Britain faces financial woes
Renewed worries about European sovereign debt, this time Britain’s, knocked equities back on Tuesday and ate into early euro gains against the dollar. Europe’s FTSEurofirst 300 was down 0.9 per cent, giving up an early rise.
That pushed MSCI’s all-country world stock index into negative territory, down 0.2 per cent.
Ratings agency Fitch unsettled investors in British assets, saying “the scale of the UK’s fiscal challenge is formidable and warrants a strong medium-term consolidation strategy — including a faster pace of deficit reduction than set out in the April 2010 budget.”

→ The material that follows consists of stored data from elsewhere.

lemma Ttilde_independent:
  assumes "u \<noteq> 0" "v \<noteq> 0" and f: "continuous_map X euclidean f" and y: "y \<in> topspace Y"
  shows "Ttilde sc T u f y = Ttilde sc T v f y"
proof -
  define a b where "a = Ttilde sc T u f y" and "b = Ttilde sc T v f y"
  have Ta: "T (\<lambda>x. sc (f x) u) y = sc a u" and Tb: "T (\<lambda>x. sc (f x) v) y = sc b v"
    using T_scale_eq_Ttilde[OF _ f y] assms(1,2) by (simp_all add: a_def b_def)
  obtain x where "sc a u - sc b v = sc (f x) u - sc (f x) v"
    using diff_at_point[OF continuous_map_scale[OF f, of u] continuous_map_scale[OF f, of v] y] Ta Tb
    by auto
  then have eq: "sc (a - f x) u = sc (b - f x) v"
    by (simp add: scale_left_diff_distrib algebra_simps)
  show ?thesis
  proof (cases "a = f x")
    case True
    with eq \<open>v \<noteq> 0\<close> show ?thesis by (simp add: a_def b_def)
  next
    case False
    define \<mu> where "\<mu> = (b - f x) / (a - f x)"
    have u: "u = sc \<mu> v"
    proof -
      have "u = sc (inverse (a - f x)) (sc (a - f x) u)" using False by simp
      also have "\<dots> = sc \<mu> v" using eq by (simp add: \<mu>_def divide_inverse mult.commute)
      finally show ?thesis .
    qed
    interpret range_decreasing_functional X "\<lambda>g. Ttilde sc T v g y"
      by (rule range_decreasing_functional_Ttilde[OF \<open>v \<noteq> 0\<close> y])
    have "T (\<lambda>x. sc (f x) u) y = T (\<lambda>x. sc (\<mu> * f x) v) y" by (simp add: u mult.commute)
    also have "\<dots> = sc (\<mu> * b) v"
      using T_scale_eq_Ttilde[OF \<open>v \<noteq> 0\<close> _ y] mult_left[OF f] f
      by (simp add: b_def continuous_intros)
    also have "\<dots> = sc b u" by (simp add: u mult.commute)
    finally show ?thesis using Ttilde_eqI[OF \<open>u \<noteq> 0\<close>] by (simp add: b_def)
  qed
qed

end
lemma nested_adic_cosets_have_common_point:
  assumes U: "decseq U" "\<And>i. adic_coset M i (U i)" "\<And>i. U i \<noteq> {}"
  obtains L where "\<And>i. L \<in> U i"
proof -
  define V where "V i = (\<Inter>j. U j + ideal_pow M i)" for i
  have V_eq: "\<exists>k. \<forall>j\<ge>k. V i = U j + ideal_pow M i" for i
  proof -
    have "decseq (\<lambda>j. U j + ideal_pow M i)"
      using U(1) unfolding decseq_def by (simp add: set_plus_mono2)
    moreover have "stabilises (\<lambda>j. U j + ideal_pow M i)"
    proof (rule stabilises_adic_cosets[OF calculation])
      show "adic_coset M i (U j + ideal_pow M i)" for j
        by (rule adic_coset_set_plus_pow[OF U(2)])
      show "U j + ideal_pow M i \<noteq> {}" for j
        using U(3)[of j] subset_set_plus_ideal[OF is_ideal_ideal_pow, of "U j" M i] by blast
    qed
    ultimately show ?thesis
      unfolding V_def by (rule stabilises_Inter)
  qed
  obtain L where "\<And>i. L \<in> V i"
  proof (rule compatible_adic_cosets_have_common_point)
    fix i
    obtain k1 k2 where k1: "\<forall>j\<ge>k1. V i = U j + ideal_pow M i"
      and k2: "\<forall>j\<ge>k2. V (Suc i) = U j + ideal_pow M (Suc i)"
      using V_eq by blast
    define j where "j = max k1 k2"
    have Vi: "V i = U j + ideal_pow M i"
      using k1 by (simp add: j_def)
    then show "adic_coset M i (V i)"
      using adic_coset_set_plus_pow[OF U(2)] by simp
    show "V i \<noteq> {}"
      using Vi U(3)[of j] subset_set_plus_ideal[OF is_ideal_ideal_pow, of "U j" M i] by blast
    have "V (Suc i) = U j + ideal_pow M (Suc i)"
      using k2 by (simp add: j_def del: ideal_pow.simps)
    then have "V (Suc i) + ideal_pow M i = U j + (ideal_pow M (Suc i) + ideal_pow M i)"
      by (simp only: add.assoc)
    also have "ideal_pow M (Suc i) + ideal_pow M i = ideal_pow M i"
      using set_plus_ideal_absorb[OF is_ideal_ideal_pow is_ideal_ideal_pow ideal_pow_Suc_subset]
      by (simp add: add.commute)
    finally show "V i \<subseteq> V (Suc i) + ideal_pow M i"
      using Vi by simp
  qed blast
  moreover have "V i \<subseteq> U i" for i
    using adic_coset_set_plus_pow_eq[OF U(2), of i] unfolding V_def by blast
  ultimately show thesis
    using that by blast
qed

It was the latest salvo in a series of concerns expressed by rating agencies about the state of government finances in Europe, including Greece, Spain, Hungary, Ireland and Britain.
Solving the debt problem implies heavy budget cuts at a time when many believe spending is needed to help keep economic recovery on track.
In a special report ahead of an emergency budget planned by the new coalition government in the
UK, Fitch noted that the rise in public debt ratios since 2008 is faster than any other AAA-rated country.
It added that the primary deficit is almost twice as large as during previous economic downturns in the 1970s and early 1990s.
Britain’s budget deficit is forecast to reach 10.4 per cent of gross domestic product this year, while debt as a percentage of GDP was 62 per cent in 2009-10.
“The scale of the United Kingdom’s fiscal challenge is formidable and warrants a strong medium term consolidation strategy,” the Fitch report said.
The Prime Minister, Mr David Cameron, has pledged drastic spending cuts, noting on Monday that annual interest payments alone would rise to around £70 billion a year, from £42 billion currently, within five years if action is not taken.
The former Prime Minister, Mr Gordon Brown, had repeatedly warned that bigger spending cuts this year could jeopardise Britain’s fledgling recovery from its worst recession since World War II.
“Both the size of the deficit currently projected for 2011 and the failure to reduce the deficit to three per cent of GDP within five years are striking,” Fitch said in its report.